## TASK STATEMENT
Produce an exact copy of the data below.

## DATA PROVIDED

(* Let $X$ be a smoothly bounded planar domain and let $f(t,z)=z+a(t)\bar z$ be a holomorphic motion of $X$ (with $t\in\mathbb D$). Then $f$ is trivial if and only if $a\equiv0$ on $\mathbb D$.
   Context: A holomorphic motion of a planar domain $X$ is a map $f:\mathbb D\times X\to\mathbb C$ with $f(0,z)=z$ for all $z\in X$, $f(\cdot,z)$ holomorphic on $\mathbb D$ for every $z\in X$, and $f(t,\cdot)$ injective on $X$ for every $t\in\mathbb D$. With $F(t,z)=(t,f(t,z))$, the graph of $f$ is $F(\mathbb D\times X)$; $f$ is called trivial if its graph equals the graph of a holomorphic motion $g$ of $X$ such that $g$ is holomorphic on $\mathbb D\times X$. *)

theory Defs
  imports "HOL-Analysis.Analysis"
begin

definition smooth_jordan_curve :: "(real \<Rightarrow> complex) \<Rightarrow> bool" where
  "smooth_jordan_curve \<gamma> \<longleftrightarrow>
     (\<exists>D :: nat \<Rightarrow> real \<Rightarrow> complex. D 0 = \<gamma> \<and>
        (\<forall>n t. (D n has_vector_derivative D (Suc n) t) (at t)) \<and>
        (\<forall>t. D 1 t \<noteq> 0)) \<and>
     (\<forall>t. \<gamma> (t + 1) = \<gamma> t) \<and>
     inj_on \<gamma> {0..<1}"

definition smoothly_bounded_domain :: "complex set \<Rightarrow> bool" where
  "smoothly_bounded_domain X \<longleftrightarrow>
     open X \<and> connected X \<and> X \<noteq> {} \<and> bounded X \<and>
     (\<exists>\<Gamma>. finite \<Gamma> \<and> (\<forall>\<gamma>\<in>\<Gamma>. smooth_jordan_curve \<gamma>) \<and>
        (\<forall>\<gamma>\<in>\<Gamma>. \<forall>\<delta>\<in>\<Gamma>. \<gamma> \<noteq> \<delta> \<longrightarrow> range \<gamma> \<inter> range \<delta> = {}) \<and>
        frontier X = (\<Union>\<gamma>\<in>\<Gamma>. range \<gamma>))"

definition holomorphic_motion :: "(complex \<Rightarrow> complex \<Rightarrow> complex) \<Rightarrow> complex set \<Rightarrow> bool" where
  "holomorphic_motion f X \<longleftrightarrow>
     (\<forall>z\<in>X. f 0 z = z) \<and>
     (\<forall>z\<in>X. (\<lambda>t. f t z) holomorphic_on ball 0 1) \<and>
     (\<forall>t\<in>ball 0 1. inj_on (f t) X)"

## EXPECTED ANSWER
(* Let $X$ be a smoothly bounded planar domain and let $f(t,z)=z+a(t)\bar z$ be a holomorphic motion of $X$ (with $t\in\mathbb D$). Then $f$ is trivial if and only if $a\equiv0$ on $\mathbb D$.
   Context: A holomorphic motion of a planar domain $X$ is a map $f:\mathbb D\times X\to\mathbb C$ with $f(0,z)=z$ for all $z\in X$, $f(\cdot,z)$ holomorphic on $\mathbb D$ for every $z\in X$, and $f(t,\cdot)$ injective on $X$ for every $t\in\mathbb D$. With $F(t,z)=(t,f(t,z))$, the graph of $f$ is $F(\mathbb D\times X)$; $f$ is called trivial if its graph equals the graph of a holomorphic motion $g$ of $X$ such that $g$ is holomorphic on $\mathbb D\times X$. *)

theory Defs
  imports "HOL-Analysis.Analysis"
begin

definition smooth_jordan_curve :: "(real \<Rightarrow> complex) \<Rightarrow> bool" where
  "smooth_jordan_curve \<gamma> \<longleftrightarrow>
     (\<exists>D :: nat \<Rightarrow> real \<Rightarrow> complex. D 0 = \<gamma> \<and>
        (\<forall>n t. (D n has_vector_derivative D (Suc n) t) (at t)) \<and>
        (\<forall>t. D 1 t \<noteq> 0)) \<and>
     (\<forall>t. \<gamma> (t + 1) = \<gamma> t) \<and>
     inj_on \<gamma> {0..<1}"

definition smoothly_bounded_domain :: "complex set \<Rightarrow> bool" where
  "smoothly_bounded_domain X \<longleftrightarrow>
     open X \<and> connected X \<and> X \<noteq> {} \<and> bounded X \<and>
     (\<exists>\<Gamma>. finite \<Gamma> \<and> (\<forall>\<gamma>\<in>\<Gamma>. smooth_jordan_curve \<gamma>) \<and>
        (\<forall>\<gamma>\<in>\<Gamma>. \<forall>\<delta>\<in>\<Gamma>. \<gamma> \<noteq> \<delta> \<longrightarrow> range \<gamma> \<inter> range \<delta> = {}) \<and>
        frontier X = (\<Union>\<gamma>\<in>\<Gamma>. range \<gamma>))"

definition holomorphic_motion :: "(complex \<Rightarrow> complex \<Rightarrow> complex) \<Rightarrow> complex set \<Rightarrow> bool" where
  "holomorphic_motion f X \<longleftrightarrow>
     (\<forall>z\<in>X. f 0 z = z) \<and>
     (\<forall>z\<in>X. (\<lambda>t. f t z) holomorphic_on ball 0 1) \<and>
     (\<forall>t\<in>ball 0 1. inj_on (f t) X)"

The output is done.